Screening of Pulmonary Veino Occlusive Disease in Heterozygous EIF2AK4 Mutation Carriers (DELPHI-4)

January 17, 2020 updated by: Assistance Publique - Hôpitaux de Paris
Pulmonary Veino Occlusive Disease (PVOD) is a rare form of pulmonary arterial hypertension, characterised by a poor prognosis. Recent studies demonstrated that heritable form of pulmonary veino occlusive diseaseis due to bi-allelic mutations in EIF2AK4 gene. heritable pulmonary veino occlusive disease is an autosomal recessive disease. In the french referal center of severe PH, ulmonary veino occlusive disease patients carriers of bi-allelic mutations in EIF2AK4 gene were identified. Genetic counselling in these families allowed to identified herozygous carriers of a single mutation in EIF2AK4 gene. However, to date, nothing is known about the risk of these persons of developping pulmonary diseases. It appears essential to determine the clinical, functional, echocardiographic and radiologics characteristics of these persons, and their risk of developping Pulmonary veino occlusive disease

Study Overview

Status

Unknown

Conditions

Intervention / Treatment

Detailed Description

the investigators will evaluate the subjects at inclusion after informed by a clinical evaluation (dyspnea assessed by New York Heart Association functional class (I-IV), signs of right heart failure), a 6min walk test, a Computerized Tomography scan of the chest, an electrocardiogram, an echocardiography , an abdomina ulstrasound, a Cardiopulmonary exercise testing, a lung function tests , arterial blood gases.

At one and two years, a phone call will be made to to participants evaluate dyspnea and intercurrent events in all subjects. In the presence of pulmonary veino occlusive diseaseis symptoms, a new evaluation will be proposed in order to confirm of not pulmonary veino occlusive diseaseis.

Study Type

Interventional

Enrollment (Anticipated)

20

Phase

  • Not Applicable

Contacts and Locations

This section provides the contact details for those conducting the study, and information on where this study is being conducted.

Study Locations

  • France
    • Krémlin Bicêtre
      • Le Kremlin-Bicêtre, Krémlin Bicêtre, France, 94270

Participation Criteria

Researchers look for people who fit a certain description, called eligibility criteria. Some examples of these criteria are a person's general health condition or prior treatments.

Eligibility Criteria

Ages Eligible for Study

18 years and older (Adult, Older Adult)

Accepts Healthy Volunteers

No

Genders Eligible for Study

All

Description

Inclusion Criteria:

  • Male or female adult (age ≥18 years of age at the date of inclusion),
  • With an identification of the presence of a mutation of the EIF2AK4 gene in the heterozygous state,
  • Having given free and informed consent.

Exclusion Criteria:

  • Minor (age <18 years),
  • Patient with known Pulmonary veino occlusive disease or Pulmonary arterial hypertension
  • Woman having started a pregnancy or breastfeeding
  • protected adult persons,
  • Persons deprived of their liberty,
  • People in emergency,
  • Those who refused or were unable to give informed consent,
  • Contraindication to the exercise test (acute coronary syndrome, syncope, tight stenotic valve disease ...) See the list of relative and absolute contraindications to the exercise test (chapter 6.2).
  • No affiliation to a social security scheme (beneficiary or beneficiary).

Study Plan

This section provides details of the study plan, including how the study is designed and what the study is measuring.
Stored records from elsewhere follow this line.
lemma parity_sum_top_minus_1:
  assumes "I \<subseteq> {1..n}" "n \<ge> 1"
  shows "parity_sum n I (n - 1) = (-1) ^ card I * (real n - 2 * real (card I))"
proof -
  have flip: "(-1) ^ card (I - {j}) = (-1) ^ card I * (if j \<in> I then -1 else (1::real))" for j
  proof (cases "j \<in> I")
    case True
    define c where "c = card (I - {j})"
    have "card I = Suc c"
      using True assms(1) unfolding c_def by (metis card_Suc_Diff1 finite_atLeastAtMost finite_subset)
    then show ?thesis
      using True unfolding c_def[symmetric] by simp
  qed simp
  have "parity_sum n I (n - 1) = (\<Sum>j\<in>{1..n}. (-1) ^ card (({1..n} - {j}) \<inter> I))"
    unfolding parity_sum_def sector_top_minus_1[OF assms(2)] by (subst sum.reindex) (auto simp: inj_on_def)
  also have "\<dots> = (\<Sum>j\<in>{1..n}. (-1) ^ card I * (if j \<in> I then -1 else 1))"
  proof (intro sum.cong refl)
    fix j
    have "({1..n} - {j}) \<inter> I = I - {j}"
      using assms(1) by auto
    then show "(-1) ^ card (({1..n} - {j}) \<inter> I) = (-1) ^ card I * (if j \<in> I then -1 else (1::real))"
      using flip by simp
  qed
  finally show ?thesis
    using sum_sign_indicator[OF assms(1)] by (simp add: sum_distrib_left[symmetric])
qed

lemma parity_sum_Delta3_combination:
  assumes "I \<subseteq> {1..n}" "n \<ge> 1"
  shows "parity_sum n I (n - 1) - parity_sum n I 1 - (real n - 2) * (parity_sum n I n - parity_sum n I 0)
       = (if even (card I) then 0 else 4 * (real (card I) - 1))"
  unfolding parity_sum_top_minus_1[OF assms] parity_sum_1[OF assms(1)] parity_sum_top[OF assms(1)] parity_sum_0
  by (cases "even (card I)") (simp_all add: algebra_simps)

section \<open>Phases\<close>

lemma cong_2pi_Arg_exp: "cong_2pi (Arg (exp z)) (Im z)"
proof -
  obtain k :: int where "Im z - of_int k * (2 * pi) = Arg (exp z)"
    using Arg_exp_diff_2pi by blast
  then show ?thesis
    unfolding cong_2pi_def by (intro exI[of _ "-k"]) (simp add: algebra_simps)
qed

lemma cong_2pi_Delta3:
  assumes "\<And>m. cong_2pi (theta n V' m) (theta n V m - \<phi> m)"
  shows "cong_2pi (Delta3 n V') (Delta3 n V - (\<phi> (n - 1) - \<phi> 1 - (real n - 2) * (\<phi> n - \<phi> 0)))"
proof -
  obtain j where j: "\<And>m. theta n V' m = theta n V m - \<phi> m + 2 * pi * of_int (j m)"
    using assms unfolding cong_2pi_def by (metis add_diff_cancel_left' diff_add_cancel)
  have "real n - 2 = of_int (int n - 2)"
    by simp
  then show ?thesis
    unfolding cong_2pi_def Delta3_def j
    by (intro exI[of _ "j (n - 1) - j 1 - (int n - 2) * (j n - j 0)"]) (simp add: algebra_simps)
qed

text \<open>The perturbation is diagonal, so on the sector it only adds the parity sum times a(t) to the
  trace of H.\<close>

lemma det_on_sector_perturbed:
  fixes H V' :: "real \<Rightarrow> qop" and a :: "real \<Rightarrow> real"
  assumes T: "0 \<le> T" and E: "finite E" and qs: "distinct qs"
    and conserving: "\<And>t S R. t \<in> {0..T} \<Longrightarrow> S \<in> qbasis n \<Longrightarrow> R \<in> qbasis n \<Longrightarrow> card S \<noteq> card R \<Longrightarrow>
                       H t S R = 0"
    and H_cont: "\<And>S R. S \<in> qbasis n \<Longrightarrow> R \<in> qbasis n \<Longrightarrow> continuous_on ({0..T} - E) (\<lambda>t. H t S R)"
    and a_cont: "continuous_on ({0..T} - E) a"
    and h: "((\<lambda>t. \<Sum>S\<in>sector n m. - \<i> * H t S S) has_integral h) {0..T}"
    and A: "(a has_integral A) {0..T}"
    and V': "propagator n T (\<lambda>t S R. H t S R + complex_of_real (a t) * Zprod n qs S R) V'"
  shows "det_on (sector n m) (V' T) = exp (h - \<i> * of_real (parity_sum n (set qs) m * A))"
proof (rule det_on_sector_propagator[OF T E _ _ _ V'])
  define \<phi> where "\<phi> = parity_sum n (set qs) m"
  show "H t S R + complex_of_real (a t) * Zprod n qs S R = 0"
    if "t \<in> {0..T}" "S \<in> qbasis n" "R \<in> qbasis n" "card S \<noteq> card R" for t S R
    using conserving[OF that] that by (auto simp: Zprod_eq qs)
  show "continuous_on ({0..T} - E) (\<lambda>t. H t S R + complex_of_real (a t) * Zprod n qs S R)"
    if "S \<in> qbasis n" "R \<in> qbasis n" for S R
    by (intro continuous_intros H_cont a_cont that)
  have trace_eq: "(\<Sum>S\<in>sector n m. - \<i> * (H t S S + complex_of_real (a t) * Zprod n qs S S))
      = (\<Sum>S\<in>sector n m. - \<i> * H t S S) + (- \<i> * of_real \<phi>) * of_real (a t)" for t
  proof -
    have "(\<Sum>S\<in>sector n m. - \<i> * (H t S S + complex_of_real (a t) * Zprod n qs S S))
        = (\<Sum>S\<in>sector n m. - \<i> * H t S S) + (- \<i> * of_real (a t)) * (\<Sum>S\<in>sector n m. Zprod n qs S S)"
      by (simp only: distrib_left sum.distrib sum_distrib_left mult.assoc)
    then show ?thesis
      using sum_Zprod_sector[OF qs, of n m] by (simp add: \<phi>_def mult_ac)
  qed
  have "((\<lambda>t. (\<Sum>S\<in>sector n m. - \<i> * H t S S) + (- \<i> * of_real \<phi>) * of_real (a t))
      has_integral (h + (- \<i> * of_real \<phi>) * of_real A)) {0..T}"
    by (intro has_integral_add h has_integral_mult_right has_integral_of_real A)
  moreover have "h + (- \<i> * of_real \<phi>) * of_real A = h - \<i> * of_real (\<phi> * A)"
    by simp
  ultimately show "((\<lambda>t. \<Sum>S\<in>sector n m. - \<i> * (H t S S + complex_of_real (a t) * Zprod n qs S S))
      has_integral (h - \<i> * of_real (parity_sum n (set qs) m * A))) {0..T}"
    unfolding trace_eq \<phi>_def by (simp add: mult.assoc)
qed

lemma theta_perturbed_cong:
  fixes H V V' :: "real \<Rightarrow> qop" and a :: "real \<Rightarrow> real"
  assumes T: "0 \<le> T" and U1: "\<forall>t\<in>{0..T}. U1_invariant n (H t)"
    and H: "pw_continuous_ham n T H" and a: "pw_continuous_on 0 T a" and qs: "distinct qs"
    and V: "propagator n T H V"
    and V': "propagator n T (\<lambda>t S R. H t S R + complex_of_real (a t) * Zprod n qs S R) V'"
  shows "cong_2pi (theta n (V' T) m) (theta n (V T) m - parity_sum n (set qs) m * integral {0..T} a)"
proof -
  obtain E where E: "finite E" and a_cont: "continuous_on ({0..T} - E) a"
    and H_cont: "\<And>S R. S \<in> qbasis n \<Longrightarrow> R \<in> qbasis n \<Longrightarrow> continuous_on ({0..T} - E) (\<lambda>t. H t S R)"
    using pw_continuous_ham_common_exceptions[OF H a] by blast
  have conserving: "H t S R = 0"
    if "t \<in> {0..T}" "S \<in> qbasis n" "R \<in> qbasis n" "card S \<noteq> card R" for t S R
    using U1_invariant_offdiagonal_sector U1 that by blast
  define A where "A = integral {0..T} a"
  define \<phi> where "\<phi> = parity_sum n (set qs) m"
  define h where "h = integral {0..T} (\<lambda>t. \<Sum>S\<in>sector n m. - \<i> * H t S S)"
  have h: "((\<lambda>t. \<Sum>S\<in>sector n m. - \<i> * H t S S) has_integral h) {0..T}"
    unfolding h_def using H
    by (intro integrable_integral integrable_sum integrable_on_mult_right pw_continuous_on_integrable)
      (auto simp: pw_continuous_ham_def)
  have A: "(a has_integral A) {0..T}"
    using pw_continuous_on_integrable[OF a] unfolding A_def by (rule integrable_integral)
  have "det_on (sector n m) (V T) = exp h"
    by (rule det_on_sector_propagator[OF T E conserving H_cont h V])
  moreover have "det_on (sector n m) (V' T) = exp (h - \<i> * of_real (\<phi> * A))"
    unfolding \<phi>_def by (rule det_on_sector_perturbed[OF T E qs conserving H_cont a_cont h A V'])
  moreover obtain k :: int where "Arg (exp h) - Im h = 2 * pi * k"
    using cong_2pi_Arg_exp unfolding cong_2pi_def by blast
  moreover obtain k' :: int where
    "Arg (exp (h - \<i> * of_real (\<phi> * A))) - Im (h - \<i> * of_real (\<phi> * A)) = 2 * pi * k'"
    using cong_2pi_Arg_exp unfolding cong_2pi_def by blast
  ultimately show ?thesis
    unfolding theta_def cong_2pi_def A_def[symmetric] \<phi>_def[symmetric]
    by (intro exI[of _ "k' - k"]) (simp add: algebra_simps)
qed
How is the study designed?

Design Details

  • Primary Purpose: Diagnostic
  • Allocation: N/A
  • Interventional Model: Single Group Assignment
  • Masking: None (Open Label)

Arms and Interventions

Participant Group / Arm
Intervention / Treatment
Other: Adults without diagnosis of PH
Adults without diagnosis of PH carrying an heterozygous EIF2AK4
Other: Screening of adult without diagnosis of PH carrying an heterozygous EIF2AK4 mutation.
will be performed : a clinical evaluation (dyspnea assessed by New York Heart Association functional class (I-IV), signs of right heart failure), a 6min walk test, a Computerized Tomography scan of the chest, an electrocardiogram, an echocardiography (measurement of the velocity of tricuspid regurgitation, measurement of Tricuspid Annular Plane Systolic Excursion (TAPSE) and Tei index, pericardial effusion, dilatation and hypertrophy of the right ventricle), an abdomina ulstrasound, a stress Test (ventilation oxygen peak and ventilation oxygen specific, minute ventilation, dead-space ventilation / dead space, ventilatory reserve, alveolar-arterial gradient, pulse oxygen, PaO2), a lung function tests and measurement of Diffusing capacity or transfer factor of the Lung for Carbon mOnoxide (DLCO) and Nitric Oxide (DLNO), and a blood sample.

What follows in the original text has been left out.